### TASK DIRECTIONS
Treat the line with "(\<lambda>w. sg (\<nu>" as the starting point. Write it out and every line after it through the end of the listing below, exactly.

### RECORDS SUPPLIED

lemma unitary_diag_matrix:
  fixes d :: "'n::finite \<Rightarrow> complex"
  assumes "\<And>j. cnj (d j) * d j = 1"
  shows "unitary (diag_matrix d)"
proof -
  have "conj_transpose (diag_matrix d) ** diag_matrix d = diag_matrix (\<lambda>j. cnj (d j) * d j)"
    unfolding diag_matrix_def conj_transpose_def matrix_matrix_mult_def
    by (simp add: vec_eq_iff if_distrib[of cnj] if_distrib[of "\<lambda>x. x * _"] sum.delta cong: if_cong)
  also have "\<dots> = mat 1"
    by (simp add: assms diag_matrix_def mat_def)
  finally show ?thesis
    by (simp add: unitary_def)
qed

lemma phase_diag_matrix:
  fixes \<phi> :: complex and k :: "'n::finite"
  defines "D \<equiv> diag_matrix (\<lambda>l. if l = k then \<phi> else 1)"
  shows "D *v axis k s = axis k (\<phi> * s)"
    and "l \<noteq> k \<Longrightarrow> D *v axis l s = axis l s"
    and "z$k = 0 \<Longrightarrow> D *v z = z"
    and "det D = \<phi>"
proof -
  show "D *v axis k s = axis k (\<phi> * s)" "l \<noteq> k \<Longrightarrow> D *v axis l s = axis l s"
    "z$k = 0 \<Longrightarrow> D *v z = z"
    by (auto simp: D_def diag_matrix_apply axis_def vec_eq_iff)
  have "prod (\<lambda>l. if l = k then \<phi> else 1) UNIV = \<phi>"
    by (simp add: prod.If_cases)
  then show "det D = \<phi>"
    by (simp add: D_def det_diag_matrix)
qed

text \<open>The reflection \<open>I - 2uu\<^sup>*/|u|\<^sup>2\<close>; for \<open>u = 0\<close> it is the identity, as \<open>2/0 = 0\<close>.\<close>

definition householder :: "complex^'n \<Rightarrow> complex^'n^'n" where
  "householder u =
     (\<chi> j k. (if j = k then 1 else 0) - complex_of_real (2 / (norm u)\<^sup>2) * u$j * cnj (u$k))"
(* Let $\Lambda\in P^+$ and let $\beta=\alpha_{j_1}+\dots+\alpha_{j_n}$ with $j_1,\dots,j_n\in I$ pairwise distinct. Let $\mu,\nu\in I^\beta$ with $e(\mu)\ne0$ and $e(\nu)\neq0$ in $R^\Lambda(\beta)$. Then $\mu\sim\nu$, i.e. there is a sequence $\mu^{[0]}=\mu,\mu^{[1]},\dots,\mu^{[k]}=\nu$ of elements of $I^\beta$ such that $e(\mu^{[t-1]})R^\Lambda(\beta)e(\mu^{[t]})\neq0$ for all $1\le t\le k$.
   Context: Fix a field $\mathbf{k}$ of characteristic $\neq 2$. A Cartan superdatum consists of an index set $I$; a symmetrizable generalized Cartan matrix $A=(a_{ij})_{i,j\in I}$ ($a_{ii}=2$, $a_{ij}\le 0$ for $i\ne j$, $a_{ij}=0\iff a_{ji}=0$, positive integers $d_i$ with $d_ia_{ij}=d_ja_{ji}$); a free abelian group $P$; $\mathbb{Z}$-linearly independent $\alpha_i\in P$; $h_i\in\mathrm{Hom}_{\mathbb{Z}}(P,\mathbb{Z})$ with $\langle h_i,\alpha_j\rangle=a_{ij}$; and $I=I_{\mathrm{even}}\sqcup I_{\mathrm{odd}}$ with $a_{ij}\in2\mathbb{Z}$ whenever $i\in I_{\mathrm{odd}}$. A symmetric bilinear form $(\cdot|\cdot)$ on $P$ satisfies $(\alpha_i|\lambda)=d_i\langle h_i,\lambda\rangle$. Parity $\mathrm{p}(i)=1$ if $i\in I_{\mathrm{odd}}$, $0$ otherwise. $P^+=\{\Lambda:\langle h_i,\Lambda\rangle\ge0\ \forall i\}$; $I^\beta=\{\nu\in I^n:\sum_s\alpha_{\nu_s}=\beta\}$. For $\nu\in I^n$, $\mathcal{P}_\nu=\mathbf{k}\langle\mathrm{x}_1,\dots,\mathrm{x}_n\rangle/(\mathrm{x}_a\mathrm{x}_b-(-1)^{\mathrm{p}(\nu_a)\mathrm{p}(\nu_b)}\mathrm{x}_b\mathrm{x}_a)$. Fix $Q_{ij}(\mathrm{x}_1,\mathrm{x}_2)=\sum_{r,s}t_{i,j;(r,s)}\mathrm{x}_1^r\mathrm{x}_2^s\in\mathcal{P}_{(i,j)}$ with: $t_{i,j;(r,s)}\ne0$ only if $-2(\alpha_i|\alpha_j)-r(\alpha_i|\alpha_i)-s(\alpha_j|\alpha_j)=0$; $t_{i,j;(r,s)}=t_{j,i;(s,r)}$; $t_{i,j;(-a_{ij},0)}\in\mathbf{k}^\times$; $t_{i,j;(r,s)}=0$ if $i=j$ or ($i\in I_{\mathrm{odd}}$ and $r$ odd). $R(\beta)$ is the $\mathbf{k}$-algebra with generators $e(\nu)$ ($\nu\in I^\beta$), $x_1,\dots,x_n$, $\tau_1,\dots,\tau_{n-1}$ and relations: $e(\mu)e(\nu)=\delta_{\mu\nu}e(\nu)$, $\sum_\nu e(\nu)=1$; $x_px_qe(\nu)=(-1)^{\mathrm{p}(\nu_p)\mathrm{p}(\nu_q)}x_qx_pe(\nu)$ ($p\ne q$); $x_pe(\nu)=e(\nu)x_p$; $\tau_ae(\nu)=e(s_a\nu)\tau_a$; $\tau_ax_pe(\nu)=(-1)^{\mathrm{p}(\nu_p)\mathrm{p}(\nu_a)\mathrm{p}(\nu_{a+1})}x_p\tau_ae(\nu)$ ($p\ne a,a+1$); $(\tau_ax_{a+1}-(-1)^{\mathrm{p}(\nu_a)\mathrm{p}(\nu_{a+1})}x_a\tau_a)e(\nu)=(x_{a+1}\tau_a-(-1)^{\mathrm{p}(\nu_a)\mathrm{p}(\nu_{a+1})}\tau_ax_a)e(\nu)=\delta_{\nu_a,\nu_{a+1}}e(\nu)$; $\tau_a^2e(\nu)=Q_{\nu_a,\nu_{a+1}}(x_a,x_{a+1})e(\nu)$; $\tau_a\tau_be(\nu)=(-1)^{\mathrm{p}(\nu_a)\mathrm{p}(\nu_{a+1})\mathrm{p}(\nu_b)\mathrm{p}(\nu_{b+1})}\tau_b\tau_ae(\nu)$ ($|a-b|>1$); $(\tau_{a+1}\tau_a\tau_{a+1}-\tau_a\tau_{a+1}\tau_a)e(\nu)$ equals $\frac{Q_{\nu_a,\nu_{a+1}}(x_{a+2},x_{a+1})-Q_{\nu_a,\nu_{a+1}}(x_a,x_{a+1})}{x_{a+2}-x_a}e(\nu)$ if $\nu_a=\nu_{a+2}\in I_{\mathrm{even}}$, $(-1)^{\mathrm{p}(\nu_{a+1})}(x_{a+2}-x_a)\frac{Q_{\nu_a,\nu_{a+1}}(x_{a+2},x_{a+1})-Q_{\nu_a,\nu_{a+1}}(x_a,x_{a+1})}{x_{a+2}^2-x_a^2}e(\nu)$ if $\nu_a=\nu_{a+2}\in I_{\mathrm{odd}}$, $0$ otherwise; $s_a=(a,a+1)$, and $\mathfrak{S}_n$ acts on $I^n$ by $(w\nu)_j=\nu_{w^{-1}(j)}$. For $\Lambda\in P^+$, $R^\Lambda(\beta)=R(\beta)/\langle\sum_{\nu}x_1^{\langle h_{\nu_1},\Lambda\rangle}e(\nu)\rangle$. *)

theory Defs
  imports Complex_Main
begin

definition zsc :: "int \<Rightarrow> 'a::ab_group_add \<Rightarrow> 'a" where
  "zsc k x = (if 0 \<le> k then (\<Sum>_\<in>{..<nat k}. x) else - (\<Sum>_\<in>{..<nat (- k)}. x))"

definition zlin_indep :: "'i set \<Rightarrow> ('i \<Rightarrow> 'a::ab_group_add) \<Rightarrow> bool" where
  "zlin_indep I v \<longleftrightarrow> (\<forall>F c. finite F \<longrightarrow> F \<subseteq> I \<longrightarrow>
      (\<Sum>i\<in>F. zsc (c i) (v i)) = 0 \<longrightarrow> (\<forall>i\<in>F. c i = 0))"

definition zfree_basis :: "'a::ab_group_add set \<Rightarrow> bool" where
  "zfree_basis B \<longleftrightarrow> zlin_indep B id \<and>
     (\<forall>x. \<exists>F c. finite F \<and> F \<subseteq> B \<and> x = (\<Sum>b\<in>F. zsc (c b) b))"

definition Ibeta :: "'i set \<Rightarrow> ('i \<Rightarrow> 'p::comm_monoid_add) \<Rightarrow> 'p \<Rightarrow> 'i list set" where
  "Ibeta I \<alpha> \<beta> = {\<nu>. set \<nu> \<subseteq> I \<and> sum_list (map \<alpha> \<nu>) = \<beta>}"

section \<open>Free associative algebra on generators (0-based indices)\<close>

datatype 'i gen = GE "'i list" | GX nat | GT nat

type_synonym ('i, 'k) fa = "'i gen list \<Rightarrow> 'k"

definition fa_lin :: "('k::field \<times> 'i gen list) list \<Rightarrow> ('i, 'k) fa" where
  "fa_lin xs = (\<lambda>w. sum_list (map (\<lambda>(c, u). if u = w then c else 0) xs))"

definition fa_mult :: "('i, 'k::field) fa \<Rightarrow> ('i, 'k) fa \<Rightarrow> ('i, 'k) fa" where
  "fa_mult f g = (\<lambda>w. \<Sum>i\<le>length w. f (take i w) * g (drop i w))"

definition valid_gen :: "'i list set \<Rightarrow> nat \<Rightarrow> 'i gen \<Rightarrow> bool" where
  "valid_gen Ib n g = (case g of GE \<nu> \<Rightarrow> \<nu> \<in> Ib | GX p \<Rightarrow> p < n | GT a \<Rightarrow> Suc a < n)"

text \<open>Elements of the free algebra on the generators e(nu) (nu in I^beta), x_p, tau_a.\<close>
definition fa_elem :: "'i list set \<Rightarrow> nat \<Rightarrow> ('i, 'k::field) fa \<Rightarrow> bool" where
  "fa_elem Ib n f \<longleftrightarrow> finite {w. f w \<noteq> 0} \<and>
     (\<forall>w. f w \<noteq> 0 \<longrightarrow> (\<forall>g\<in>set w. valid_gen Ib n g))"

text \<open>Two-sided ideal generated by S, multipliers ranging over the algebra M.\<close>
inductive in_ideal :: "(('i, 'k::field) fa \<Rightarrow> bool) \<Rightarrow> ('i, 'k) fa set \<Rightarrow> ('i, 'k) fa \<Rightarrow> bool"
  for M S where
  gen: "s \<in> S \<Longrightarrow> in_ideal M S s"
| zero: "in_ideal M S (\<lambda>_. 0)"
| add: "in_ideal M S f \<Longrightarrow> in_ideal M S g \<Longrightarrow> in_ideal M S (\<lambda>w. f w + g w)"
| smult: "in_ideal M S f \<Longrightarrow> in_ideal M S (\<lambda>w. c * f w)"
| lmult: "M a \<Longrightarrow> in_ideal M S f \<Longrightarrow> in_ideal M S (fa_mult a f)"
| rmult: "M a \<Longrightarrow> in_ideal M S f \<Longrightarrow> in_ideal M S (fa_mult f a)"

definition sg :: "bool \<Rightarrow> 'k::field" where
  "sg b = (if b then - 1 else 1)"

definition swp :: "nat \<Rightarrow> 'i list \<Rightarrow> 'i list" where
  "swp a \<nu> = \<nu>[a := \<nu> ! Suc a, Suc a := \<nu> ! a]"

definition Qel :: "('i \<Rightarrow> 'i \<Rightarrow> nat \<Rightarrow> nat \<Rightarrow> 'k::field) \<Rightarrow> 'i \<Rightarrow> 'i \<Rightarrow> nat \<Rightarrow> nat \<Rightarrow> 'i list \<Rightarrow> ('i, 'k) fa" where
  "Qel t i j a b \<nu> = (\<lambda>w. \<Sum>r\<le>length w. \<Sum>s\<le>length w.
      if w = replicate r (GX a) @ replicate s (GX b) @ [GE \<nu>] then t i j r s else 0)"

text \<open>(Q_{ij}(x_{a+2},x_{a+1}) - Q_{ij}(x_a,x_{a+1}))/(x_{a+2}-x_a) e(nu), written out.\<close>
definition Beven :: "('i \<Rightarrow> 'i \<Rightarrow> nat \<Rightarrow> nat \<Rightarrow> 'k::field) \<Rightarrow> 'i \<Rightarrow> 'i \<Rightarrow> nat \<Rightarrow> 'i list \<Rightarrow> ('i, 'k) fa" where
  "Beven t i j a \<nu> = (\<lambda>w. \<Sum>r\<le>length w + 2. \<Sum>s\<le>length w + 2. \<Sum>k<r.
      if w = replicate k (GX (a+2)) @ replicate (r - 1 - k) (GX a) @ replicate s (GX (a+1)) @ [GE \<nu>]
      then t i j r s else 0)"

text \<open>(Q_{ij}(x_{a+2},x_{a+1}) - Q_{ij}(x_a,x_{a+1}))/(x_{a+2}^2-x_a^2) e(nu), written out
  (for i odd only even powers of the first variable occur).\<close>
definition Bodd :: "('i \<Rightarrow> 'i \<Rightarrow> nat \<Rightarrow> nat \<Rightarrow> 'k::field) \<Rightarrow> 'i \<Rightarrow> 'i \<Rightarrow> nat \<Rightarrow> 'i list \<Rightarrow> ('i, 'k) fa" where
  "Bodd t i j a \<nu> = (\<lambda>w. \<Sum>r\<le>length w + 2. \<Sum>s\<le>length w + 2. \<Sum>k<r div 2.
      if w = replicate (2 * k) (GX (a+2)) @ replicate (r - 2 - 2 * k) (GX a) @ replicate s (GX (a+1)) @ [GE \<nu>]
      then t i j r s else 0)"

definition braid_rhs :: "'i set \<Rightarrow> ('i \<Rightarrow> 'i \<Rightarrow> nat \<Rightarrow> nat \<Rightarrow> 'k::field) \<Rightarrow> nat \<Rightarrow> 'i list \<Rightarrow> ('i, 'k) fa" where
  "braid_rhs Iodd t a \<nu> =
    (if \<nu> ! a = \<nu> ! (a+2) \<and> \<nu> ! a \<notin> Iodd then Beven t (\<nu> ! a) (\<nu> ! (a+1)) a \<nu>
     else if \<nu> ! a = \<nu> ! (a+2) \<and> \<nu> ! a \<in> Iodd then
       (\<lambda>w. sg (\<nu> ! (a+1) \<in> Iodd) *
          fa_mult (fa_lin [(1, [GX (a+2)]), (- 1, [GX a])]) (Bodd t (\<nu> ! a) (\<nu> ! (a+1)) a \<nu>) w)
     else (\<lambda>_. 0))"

### YOUR SOLUTION
       (\<lambda>w. sg (\<nu> ! (a+1) \<in> Iodd) *
          fa_mult (fa_lin [(1, [GX (a+2)]), (- 1, [GX a])]) (Bodd t (\<nu> ! a) (\<nu> ! (a+1)) a \<nu>) w)
     else (\<lambda>_. 0))"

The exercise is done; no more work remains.